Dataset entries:
(* Let $A$ be a finite nonempty subset of $(0,\infty)$ and let $g:A\to[0,\infty)$. Let $f=g\circ g$ be the function defined on $A_2=\{a\in A: g(a)\in A\}$ by $f(a)=g(g(a))$, and let $h_{g\circ g}=\{(f(a)/a,\,a): a\in A_2\}$. Then $h_{g\circ g}=g$ (i.e. $\{(g(g(a))/a,a):a\in A_2\}=\{(a,g(a)):a\in A\}$) if and only if $A$ has exactly one element and $f=\{(1,1)\}$ (equivalently $A=\{1\}$ and $g(1)=1$).
   Context: For a function $f$ on a finite set $B\subset(0,\infty)$, the Hirsch function $h_f$ is defined exactly at the points $f(b)/b$, $b\in B$, and maps $f(b)/b$ to $b$. Equality of functions means same domain and same values. *)

theory Defs
  imports Main "HOL.Real"
begin

definition graph_on :: "real set \<Rightarrow> (real \<Rightarrow> real) \<Rightarrow> (real \<times> real) set" where
  "graph_on B f = {(b, f b) | b. b \<in> B}"

definition hirsch :: "real set \<Rightarrow> (real \<Rightarrow> real) \<Rightarrow> (real \<times> real) set" where
  "hirsch B f = {(f b / b, b) | b. b \<in> B}"

definition comp_dom :: "real set \<Rightarrow> (real \<Rightarrow> real) \<Rightarrow> real set" where
  "comp_dom A g = {a \<in> A. g a \<in> A}"

end

theory Submission
  imports Defs Complex_Main
begin

text \<open>If the Hirsch function of \<open>g \<circ> g\<close> is \<open>g\<close>, every pair \<open>(a, g a)\<close> has the form
  \<open>(g (g b) / b, b)\<close>; hence \<open>g\<close> permutes \<open>A\<close> and \<open>g (g (g a)) = a * g a\<close>. For \<open>u = ln\<close>
  this is the linear recurrence \<open>u (g (g (g a))) = u a + u (g a)\<close>, along which the quadratic
  form \<open>-2x\<^sup>2 - y\<^sup>2 - z\<^sup>2 + 2xz + 2yz\<close> in \<open>(x, y, z) = (u a, u (g a), u (g (g a)))\<close> grows
  by exactly \<open>(u a)\<^sup>2\<close> per step. Summed over the permutation \<open>g\<close> of \<open>A\<close> the increments
  cancel, so \<open>u = 0\<close> on \<open>A\<close>, i.e. \<open>A = {1}\<close>.\<close>

lemma sum_diff_image_self_eq_0:
  assumes "finite S" and "\<phi> ` S = S"
  shows "(\<Sum>a\<in>S. V (\<phi> a) - V a) = (0 :: 'b :: ab_group_add)"
proof -
  have "inj_on \<phi> S"
    using assms by (simp add: eq_card_imp_inj_on)
  then have "sum (V \<circ> \<phi>) S = sum V S"
    using sum.reindex[of \<phi> S V] assms(2) by simp
  then show ?thesis
    by (simp add: sum_subtractf)
qed

lemma third_iterate_recurrence_imp_zero:
  fixes u :: "'a \<Rightarrow> real"
  assumes "finite S" and "\<phi> ` S = S"
    and rec: "\<And>a. a \<in> S \<Longrightarrow> u (\<phi> (\<phi> (\<phi> a))) = u a + u (\<phi> a)"
  shows "\<forall>a\<in>S. u a = 0"
proof -
  define Q :: "real \<Rightarrow> real \<Rightarrow> real \<Rightarrow> real" where
    "Q = (\<lambda>x y z. - 2 * x\<^sup>2 - y\<^sup>2 - z\<^sup>2 + 2 * x * z + 2 * y * z)"
  define V where "V = (\<lambda>a. Q (u a) (u (\<phi> a)) (u (\<phi> (\<phi> a))))"
  have increment: "V (\<phi> a) - V a = (u a)\<^sup>2" if "a \<in> S" for a
    unfolding V_def Q_def using rec[OF that] by (simp add: power2_eq_square algebra_simps)
  have "(\<Sum>a\<in>S. (u a)\<^sup>2) = 0"
    using sum_diff_image_self_eq_0[OF assms(1,2), of V] increment by simp
  then show ?thesis
    using assms(1) by (simp add: sum_nonneg_eq_0_iff)
qed

lemma hirsch_comp_eq_graphD:
  assumes "hirsch (comp_dom A g) (g \<circ> g) = graph_on A g" and "a \<in> A"
  shows "g a \<in> A" and "a = g (g (g a)) / g a"
proof -
  have "(a, g a) \<in> hirsch (comp_dom A g) (g \<circ> g)"
    using assms by (auto simp: graph_on_def)
  then show "g a \<in> A" and "a = g (g (g a)) / g a"
    by (auto simp: hirsch_def comp_dom_def)
qed

lemma hirsch_comp_eq_graph_image:
  assumes H: "hirsch (comp_dom A g) (g \<circ> g) = graph_on A g"
  shows "g ` A = A"
proof
  show "g ` A \<subseteq> A"
    using hirsch_comp_eq_graphD(1)[OF H] by auto
  show "A \<subseteq> g ` A"
  proof
    fix b assume "b \<in> A"
    then have "b \<in> comp_dom A g"
      using hirsch_comp_eq_graphD(1)[OF H] by (simp add: comp_dom_def)
    then have "(g (g b) / b, b) \<in> graph_on A g"
      using H by (auto simp: hirsch_def)
    then show "b \<in> g ` A"
      by (auto simp: graph_on_def)
  qed
qed

lemma hirsch_comp_eq_graph_recurrence:
  assumes H: "hirsch (comp_dom A g) (g \<circ> g) = graph_on A g"
    and pos: "\<forall>a\<in>A. a > 0" and "a \<in> A"
  shows "g (g (g a)) = a * g a"
proof -
  have "g a > 0"
    using hirsch_comp_eq_graphD(1)[OF H \<open>a \<in> A\<close>] pos by blast
  then show ?thesis
    using hirsch_comp_eq_graphD(2)[OF H \<open>a \<in> A\<close>] by (simp add: field_simps)
qed

lemma singleton_graph_comp_iff:
  "card A = 1 \<and> graph_on (comp_dom A g) (g \<circ> g) = {(1, 1)} \<longleftrightarrow> A = {1} \<and> g 1 = 1"
proof
  assume R: "card A = 1 \<and> graph_on (comp_dom A g) (g \<circ> g) = {(1, 1)}"
  then obtain x where A: "A = {x}"
    by (auto simp: card_Suc_eq)
  have "(1, 1) \<in> graph_on (comp_dom A g) (g \<circ> g)"
    using R by simp
  then show "A = {1} \<and> g 1 = 1"
    using A by (auto simp: graph_on_def comp_dom_def)
qed (auto simp: graph_on_def comp_dom_def)

theorem theorem11:
  fixes A :: "real set" and g :: "real \<Rightarrow> real"
  assumes "finite A" and "A \<noteq> {}" and "\<forall>a\<in>A. a > 0"
    and "\<forall>a\<in>A. g a \<ge> 0"
  shows "hirsch (comp_dom A g) (g \<circ> g) = graph_on A g \<longleftrightarrow>
         (card A = 1 \<and> graph_on (comp_dom A g) (g \<circ> g) = {(1, 1)})"
  unfolding singleton_graph_comp_iff
proof
  assume H: "hirsch (comp_dom A g) (g \<circ> g) = graph_on A g"
  have image: "g ` A = A"
    using hirsch_comp_eq_graph_image[OF H] .
  have "ln (g (g (g a))) = ln a + ln (g a)" if "a \<in> A" for a
    using hirsch_comp_eq_graph_recurrence[OF H assms(3) that] image that assms(3)
    by (auto simp: ln_mult)
  then have "\<forall>a\<in>A. ln a = 0"
    using third_iterate_recurrence_imp_zero[OF assms(1) image] by blast
  then have "A = {1}"
    using assms(2,3) by auto
  then show "A = {1} \<and> g 1 = 1"
    using image by auto
next
  assume "A = {1} \<and> g 1 = 1"
  then show "hirsch (comp_dom A g) (g \<circ> g) = graph_on A g"
    by (auto simp: hirsch_def graph_on_def comp_dom_def)
qed

end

> **Work instructions**
Of the records above, copy each line that includes "definition".

> **Result for this task**
definition graph_on :: "real set \<Rightarrow> (real \<Rightarrow> real) \<Rightarrow> (real \<times> real) set" where
definition hirsch :: "real set \<Rightarrow> (real \<Rightarrow> real) \<Rightarrow> (real \<times> real) set" where
definition comp_dom :: "real set \<Rightarrow> (real \<Rightarrow> real) \<Rightarrow> real set" where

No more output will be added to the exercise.